Passing to the limit on both sides of (20) and making use of the condition (18), we deduce that $0<q(u,Tu)<q(u,Tu)$, which is a contradiction. Hence, $Tu=u$. To prove the uniqueness of the fixed point u, suppose that T has another fixed point v.

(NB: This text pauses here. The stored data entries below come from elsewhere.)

lemma apply_local_filt_wstate:
  assumes "s \<ge> 0" "t \<ge> 0"
  shows "apply_local k (filt s t) (wstate w) = wstate (reweight k s t w)"
proof (rule ext)
  fix x
  show "apply_local k (filt s t) (wstate w) x = wstate (reweight k s t w) x"
  proof (cases "\<exists>j. x = onehot j")
    case True
    then obtain j where j: "x = onehot j" by blast
    have "onehot j k = (k = j)" by (simp add: onehot_def)
    then show ?thesis
      unfolding apply_local_filt j wstate_onehot reweight_def
      using assms by (auto simp: real_sqrt_mult)
  next
    case False
    then show ?thesis unfolding apply_local_filt by (simp add: wstate_off)
  qed
qed

lemma complete_meas_filt:
  assumes "s1 \<ge> 0" "s2 \<ge> 0" "t1 \<ge> 0" "t2 \<ge> 0" "s1 + s2 = 1" "t1 + t2 = 1"
  shows "complete_meas [filt s1 t1, filt s2 t2]"
proof -
  have bool: "(UNIV :: bool set) = {True, False}" by auto
  have "complex_of_real (sqrt a) * complex_of_real (sqrt a)
        + complex_of_real (sqrt b) * complex_of_real (sqrt b) = 1"
    if "a \<ge> 0" "b \<ge> 0" "a + b = 1" for a b :: real
    using that by (simp flip: of_real_mult of_real_add)
  then show ?thesis unfolding complete_meas_def filt_def bool using assms by auto
qed

definition Iop :: qop where "Iop = (\<lambda>a b. if a = b then 1 else 0)"
definition Xop :: qop where "Xop = (\<lambda>a b. if a \<noteq> b then 1 else 0)"

lemma unitary_Iop: "unitary2 Iop"
  and unitary_Xop: "unitary2 Xop"
proof -
  have bool: "(UNIV :: bool set) = {True, False}" by auto
  show "unitary2 Iop" unfolding unitary2_def Iop_def bool by auto
  show "unitary2 Xop" unfolding unitary2_def Xop_def bool by auto
qed

lemma apply_tensor_flip:
  "apply_tensor (\<lambda>k. if k = j then Xop else Iop) \<phi> x = \<phi> (x(j := \<not> x j))"
proof -
  have kernel: "(\<Prod>k\<in>UNIV. (if k = j then Xop else Iop) (x k) (y k))
      = (if y = x(j := \<not> x j) then 1 else 0)" for y
  proof (cases "y = x(j := \<not> x j)")
    case True
    then have "(if k = j then Xop else Iop) (x k) (y k) = 1" for k
      by (auto simp: Xop_def Iop_def)
    then show ?thesis using True by simp
  next
    case False
    then obtain k where "y k \<noteq> (x(j := \<not> x j)) k" unfolding fun_eq_iff by blast
    then have "(if k = j then Xop else Iop) (x k) (y k) = 0"
      by (auto simp: Xop_def Iop_def split: if_splits)
    then have "(\<Prod>k\<in>UNIV. (if k = j then Xop else Iop) (x k) (y k)) = 0"
      by (intro prod_zero bexI[of _ k]) auto
    then show ?thesis using False by simp
  qed
  have "(\<Sum>y\<in>UNIV. (if y = x(j := \<not> x j) then 1 else 0) * \<phi> y)
      = (\<Sum>y\<in>UNIV. if y = x(j := \<not> x j) then \<phi> y else 0)"
    by (rule sum.cong) auto
  then have "(\<Sum>y\<in>UNIV. (if y = x(j := \<not> x j) then 1 else 0) * \<phi> y) = \<phi> (x(j := \<not> x j))"
    by simp
  then show ?thesis unfolding apply_tensor_def kernel .
qed

lemma wstate_pair:
  assumes ij: "i \<noteq> j" and wi: "w i = c" and wj: "w j = c"
    and others: "\<And>k. k \<noteq> i \<Longrightarrow> k \<noteq> j \<Longrightarrow> w k = 0"
  shows "wstate w x =
    (if x i \<noteq> x j \<and> (\<forall>k. k \<noteq> i \<and> k \<noteq> j \<longrightarrow> \<not> x k) then complex_of_real (sqrt c) else 0)"
proof (cases "\<exists>k. x = onehot k")
  case True
  then obtain k where k: "x = onehot k" by blast
  show ?thesis unfolding k wstate_onehot using ij wi wj others[of k] by (auto simp: onehot_def)
next
  case False
  have "x \<noteq> onehot i" "x \<noteq> onehot j" using False by blast+
  then have "\<not> (x i \<noteq> x j \<and> (\<forall>k. k \<noteq> i \<and> k \<noteq> j \<longrightarrow> \<not> x k))"
    using ij by (auto simp: onehot_def fun_eq_iff)
  moreover have "wstate w x = 0" using False by (simp add: wstate_off)
  ultimately show ?thesis by (simp only: if_False)
qed

text \<open>Weight c on both i and j and nothing elsewhere is, up to X on j, the Bell state on i,j:
  the protocol succeeds for the pair (i,j).\<close>
lemma success_pair:
  assumes ij: "i \<noteq> j" and wi: "w i = c" and wj: "w j = c"
    and others: "\<And>k. k \<noteq> i \<Longrightarrow> k \<noteq> j \<Longrightarrow> w k = 0" and c: "c > 0"
  shows "success (i, j) (wstate w)"
proof -
  define U where "U = (\<lambda>k. if k = j then Xop else Iop)"
  have unitary: "\<forall>k. unitary2 (U k)" unfolding U_def using unitary_Iop unitary_Xop by auto
  have "wstate w x = complex_of_real (sqrt (2 * c)) * apply_tensor U (bell_on i j) x" for x
  proof -
    define P where "P \<longleftrightarrow> x i \<noteq> x j \<and> (\<forall>k. k \<noteq> i \<and> k \<noteq> j \<longrightarrow> \<not> x k)"
    have "sqrt (2 * c) * (1 / sqrt 2) = sqrt c" by (simp add: real_sqrt_mult)
    then have amp: "complex_of_real (sqrt (2 * c)) * complex_of_real (1 / sqrt 2) = complex_of_real (sqrt c)"
      by (simp only: of_real_mult[symmetric])
    have pair: "wstate w x = (if P then complex_of_real (sqrt c) else 0)"
      unfolding P_def by (rule wstate_pair[OF ij wi wj others])
    have "apply_tensor U (bell_on i j) x = bell_on i j (x(j := \<not> x j))"
      unfolding U_def by (rule apply_tensor_flip)
    also have "\<dots> = (if P then complex_of_real (1 / sqrt 2) else 0)"
      unfolding bell_on_def P_def using ij by auto
    finally show ?thesis unfolding pair using amp by simp
  qed
  moreover have "wstate w \<noteq> (\<lambda>_. 0)"
  proof
    assume "wstate w = (\<lambda>_. 0)"
    then have "wstate w (onehot i) = 0" by simp
    then show False using c wi by simp
  qed
  ultimately show ?thesis unfolding success_def using ij unitary by auto
qed

lemma prob_nonneg: "prob T \<psi> e \<ge> 0"
proof (induction T arbitrary: \<psi>)
  case Leaf
  then show ?case by (simp add: nsq_def sum_nonneg)
next
  case (Node k ch)
  then show ?case by (auto intro!: sum_list_nonneg)
qed

definition gain :: "(party \<times> party) set \<Rightarrow> proto \<Rightarrow> (party \<Rightarrow> real) \<Rightarrow> real" where
  "gain E T w = (\<Sum>e\<in>E. prob T (wstate w) e)"

lemma gain_nonneg: "gain E T w \<ge> 0"
  unfolding gain_def by (simp add: sum_nonneg prob_nonneg)

lemma gain_filter_node:
  assumes "s1 \<ge> 0" "t1 \<ge> 0" "s2 \<ge> 0" "t2 \<ge> 0"
  shows "gain E (Node k [(filt s1 t1, T1), (filt s2 t2, T2)]) w
       = gain E T1 (reweight k s1 t1 w) + gain E T2 (reweight k s2 t2 w)"
  unfolding gain_def using assms by (simp add: apply_local_filt_wstate sum.distrib)

lemma valid_filter_node:
  assumes "s1 \<ge> 0" "s2 \<ge> 0" "t1 \<ge> 0" "t2 \<ge> 0" "s1 + s2 = 1" "t1 + t2 = 1" "valid T1" "valid T2"
  shows "valid (Node k [(filt s1 t1, T1), (filt s2 t2, T2)])"
  using assms complete_meas_filt[OF assms(1-6)] by simp

lemma gain_leaf_pair:
  assumes E: "finite E" "(i, j) \<in> E" and ij: "i \<noteq> j" and wi: "w i = c" and wj: "w j = c"
    and others: "\<And>k. k \<noteq> i \<Longrightarrow> k \<noteq> j \<Longrightarrow> w k = 0" and c: "c \<ge> 0"
  shows "gain E Leaf w \<ge> 2 * c"
proof (cases "c = 0")
  case True
  then show ?thesis using gain_nonneg by simp
next
  case False
  have w_nonneg: "\<And>k. w k \<ge> 0" using wi wj others c by (metis order.refl)
  have "(\<Sum>k\<in>UNIV. w k) = (\<Sum>k\<in>{i, j}. w k)"
    by (rule sum.mono_neutral_right) (auto intro: others)
  then have "prob Leaf (wstate w) (i, j) = 2 * c"
    using success_pair[OF ij wi wj others] False c nsq_wstate[OF w_nonneg] wi wj ij by simp
  moreover have "prob Leaf (wstate w) (i, j) \<le> gain E Leaf w"
    unfolding gain_def by (rule member_le_sum[OF E(2) _ E(1)], rule prob_nonneg)
  ultimately show ?thesis by simp
qed

definition wt :: "real \<Rightarrow> real \<Rightarrow> real \<Rightarrow> real \<Rightarrow> (party \<Rightarrow> real)" where
  "wt a b c d = (\<lambda>k. case k of A \<Rightarrow> a | B \<Rightarrow> b | C \<Rightarrow> c | D \<Rightarrow> d)"

lemma reweight_wt [simp]:
  "reweight A s t (wt a b c d) = wt (t*a) (s*b) (s*c) (s*d)"
  "reweight B s t (wt a b c d) = wt (s*a) (t*b) (s*c) (s*d)"
  "reweight C s t (wt a b c d) = wt (s*a) (s*b) (t*c) (s*d)"
  "reweight D s t (wt a b c d) = wt (s*a) (s*b) (s*c) (t*d)"
  by (auto simp: reweight_def wt_def fun_eq_iff split: party.split)

lemmas gain_node_wt = gain_filter_node[where E = G_VI and w = "wt a b c d" for a b c d,
  unfolded reweight_wt]

lemma gain_leaf_edges:
  "b \<ge> 0 \<Longrightarrow> gain G_VI Leaf (wt 0 b 0 b) \<ge> 2 * b"
  "a \<ge> 0 \<Longrightarrow> gain G_VI Leaf (wt a 0 a 0) \<ge> 2 * a"
  "a \<ge> 0 \<Longrightarrow> gain G_VI Leaf (wt a a 0 0) \<ge> 2 * a"
  "a \<ge> 0 \<Longrightarrow> gain G_VI Leaf (wt a 0 0 a) \<ge> 2 * a"
  by (rule gain_leaf_pair; auto simp: G_VI_def wt_def split: party.split)+

section \<open>The triangle protocol on A, B, D\<close>

text \<open>On weights (t, t, 0, t) all three pairs AB, AD, BD are edges.  One round: A filters
  with small strength e; if A is projected out, B and D share a pair.  Otherwise B filters;
  if B is projected out, A re-equalises with D (tri_fix_A); otherwise D filters, and either
  A, B share a pair or the weights are again (t', t', 0, t') with t' = (1-e)^2 t.\<close>

definition tri_fix_A :: "real \<Rightarrow> proto" where
  "tri_fix_A e = Node A [(filt 1 (1-e), Leaf), (filt 0 e, Leaf)]"

definition tri_D :: "real \<Rightarrow> proto \<Rightarrow> proto" where
  "tri_D e T = Node D [(filt e 0, Leaf), (filt (1-e) 1, T)]"

definition tri_B :: "real \<Rightarrow> proto \<Rightarrow> proto" where
  "tri_B e T = Node B [(filt e 0, tri_fix_A e), (filt (1-e) 1, tri_D e T)]"

fun triangle_proto :: "real \<Rightarrow> nat \<Rightarrow> proto" where
  "triangle_proto e 0 = Leaf"
| "triangle_proto e (Suc m) =
     Node A [(filt e 0, Leaf), (filt (1-e) 1, tri_B e (triangle_proto e m))]"

lemma valid_triangle_proto: "0 \<le> e \<Longrightarrow> e \<le> 1 \<Longrightarrow> valid (triangle_proto e m)"
proof (induction m)
  case 0
  then show ?case by simp
next
  case (Suc m)
  have "valid (tri_fix_A e)" unfolding tri_fix_A_def by (rule valid_filter_node) (use Suc in auto)
  moreover have "valid (tri_D e (triangle_proto e m))"
    unfolding tri_D_def by (rule valid_filter_node) (use Suc in auto)
  ultimately have "valid (tri_B e (triangle_proto e m))"
    unfolding tri_B_def by (intro valid_filter_node) (use Suc in auto)
  then show ?case unfolding triangle_proto.simps by (intro valid_filter_node) (use Suc in auto)
qed

lemma gain_triangle_round:
  assumes e: "0 \<le> e" "e \<le> 1" and t: "t \<ge> 0"
  shows "gain G_VI (triangle_proto e (Suc m)) (wt t t 0 t)
       \<ge> 2*e*t*(3 - 2*e) + gain G_VI (triangle_proto e m) (wt ((1-e)^2*t) ((1-e)^2*t) 0 ((1-e)^2*t))"
proof -
  let ?u = "(1-e)*t" and ?v = "(1-e)^2*t"
  have fix_A: "gain G_VI (tri_fix_A e) (wt (e*t) 0 0 (e*?u)) \<ge> 2*(e*?u)"
  proof -
    have "gain G_VI (tri_fix_A e) (wt (e*t) 0 0 (e*?u))
        = gain G_VI Leaf (wt (e*?u) 0 0 (e*?u)) + gain G_VI Leaf (wt (e*(e*t)) 0 0 0)"
      unfolding tri_fix_A_def using e by (simp add: gain_node_wt algebra_simps)
    moreover have "e*?u \<ge> 0" using e t by simp
    ultimately show ?thesis
      using gain_leaf_edges(4)[of "e*?u"] gain_nonneg[of G_VI Leaf "wt (e*(e*t)) 0 0 0"] by linarith
  qed
  have tri_D: "gain G_VI (tri_D e (triangle_proto e m)) (wt ?u ?u 0 (?u*(1-e)))
      \<ge> 2*(e*?u) + gain G_VI (triangle_proto e m) (wt ?v ?v 0 ?v)"
  proof -
    have "gain G_VI (tri_D e (triangle_proto e m)) (wt ?u ?u 0 (?u*(1-e)))
        = gain G_VI Leaf (wt (e*?u) (e*?u) 0 0) + gain G_VI (triangle_proto e m) (wt ?v ?v 0 ?v)"
      unfolding tri_D_def using e by (simp add: gain_node_wt power2_eq_square algebra_simps)
    then show ?thesis using gain_leaf_edges(3)[of "e*?u"] e t by fastforce
  qed
  have "gain G_VI (triangle_proto e (Suc m)) (wt t t 0 t)
      = gain G_VI Leaf (wt 0 (e*t) 0 (e*t))
        + gain G_VI (tri_fix_A e) (wt (e*t) 0 0 (e*?u))
        + gain G_VI (tri_D e (triangle_proto e m)) (wt ?u ?u 0 (?u*(1-e)))"
    unfolding triangle_proto.simps tri_B_def using e by (simp add: gain_node_wt algebra_simps)
  moreover have "gain G_VI Leaf (wt 0 (e*t) 0 (e*t)) \<ge> 2*(e*t)"
    using gain_leaf_edges(1) e t by simp
  ultimately show ?thesis using fix_A tri_D by (simp add: algebra_simps)
qed
(* Let $m\ge 2$ and $k\ge 0$ be integers. The inner multiplicity $\gamma_{\lambda_k}(\vec 0)$ of the zero weight in the irrep $\lambda_k$ of $\mathrm{SU}(m)$ (i.e. the dimension of its zero-weight space, equivalently the number of semistandard Young tableaux of shape $(2k,k,\dots,k,0)$ with entries in $\{1,\dots,m\}$ in which every entry $1,\dots,m$ occurs equally often) is $$\gamma_{\lambda_k}(\vec 0)=\binom{k+m-2}{k}.$$
   Context: For $k\in\mathbb N$, $\lambda_k$ denotes the irreducible representation of $\mathrm{SU}(m)$ with Young diagram $(2k,k,\dots,k,0)$, i.e. first row of $2k$ boxes, rows $2,\dots,m-1$ of $k$ boxes each, and empty $m$-th row. Weights are taken with respect to the diagonal maximal torus of $\mathrm{SU}(m)$; the inner multiplicity of a weight is the dimension of the corresponding weight space. *)

theory Defs
  imports Main
begin

definition lam_shape :: "nat \<Rightarrow> nat \<Rightarrow> nat \<Rightarrow> nat" where
  "lam_shape m k i = (if i = 0 then 2*k else if i < m - 1 then k else 0)"

definition cells :: "nat \<Rightarrow> (nat \<Rightarrow> nat) \<Rightarrow> (nat \<times> nat) set" where
  "cells m sh = {(i,j). i < m \<and> j < sh i}"

definition ssyt :: "nat \<Rightarrow> (nat \<Rightarrow> nat) \<Rightarrow> (nat \<times> nat \<Rightarrow> nat) \<Rightarrow> bool" where
  "ssyt m sh T \<longleftrightarrow>
     (\<forall>c \<in> cells m sh. T c \<in> {1..m}) \<and>
     (\<forall>c. c \<notin> cells m sh \<longrightarrow> T c = 0) \<and>
     (\<forall>i j. (i, Suc j) \<in> cells m sh \<longrightarrow> T (i,j) \<le> T (i, Suc j)) \<and>
     (\<forall>i j. (Suc i, j) \<in> cells m sh \<longrightarrow> T (i,j) < T (Suc i, j))"

definition content :: "nat \<Rightarrow> (nat \<Rightarrow> nat) \<Rightarrow> (nat \<times> nat \<Rightarrow> nat) \<Rightarrow> nat \<Rightarrow> nat" where
  "content m sh T a = card {c \<in> cells m sh. T c = a}"

definition zero_weight_mult :: "nat \<Rightarrow> nat \<Rightarrow> nat" where
  "zero_weight_mult m k = card {T. ssyt m (lam_shape m k) T \<and>
      (\<forall>a \<in> {1..m}. \<forall>b \<in> {1..m}. content m (lam_shape m k) T a = content m (lam_shape m k) T b)}"

end

theory Submission
  imports Defs "HOL-Library.Multiset"
begin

Then,

$$\begin{array}{ccc}\hfill q(u,v)=q(Tu,Tv)& \le & a\left[q\right(u,Tu)+q(v,Tv\left)\right]\hfill \\ & =& a\left[q\right(u,u)+q(v,v\left)\right]=0.\hfill \end{array}$$

Therefore, $u=v$ and T has a unique fixed point. □

Remark 4.

• Condition (18) in Theorem 3 can be replaced by the continuity of the double controlled metric d and the mapping T as it was done in Theorem 2.
• Continuity of the double controlled metric d and the mapping T in Theorem 2 can be replaced by the following condition: For each $u\in X$, we have

  $$\underset{n\to \infty }{lim}\alpha (u,u_n)<\infty and\underset{n\to \infty }{lim}\mu (u_n,Tu)\varphi \left(q(u,Tu)\right)<q(u,Tu).$$

  (21)

Perspectives

It is an open question to treat the cases of the related Chatterjea, Hardy–Rogers, Ćirić and Suzuki contraction types. Moreover, it is always of great interest to find real applications for the proven fixed point theorems in metric type spaces. A future work in this direction will be highly recommended.

3. Conclusions

Going in the same direction as [23], we initiated the concept of double controlled metric type spaces. We established some fixed point theorems in this setting, namely the related Banach contraction principle, the Matkowski [25] and Kannan [26] type fixed point results. In support of the obtained results, we also provide some examples.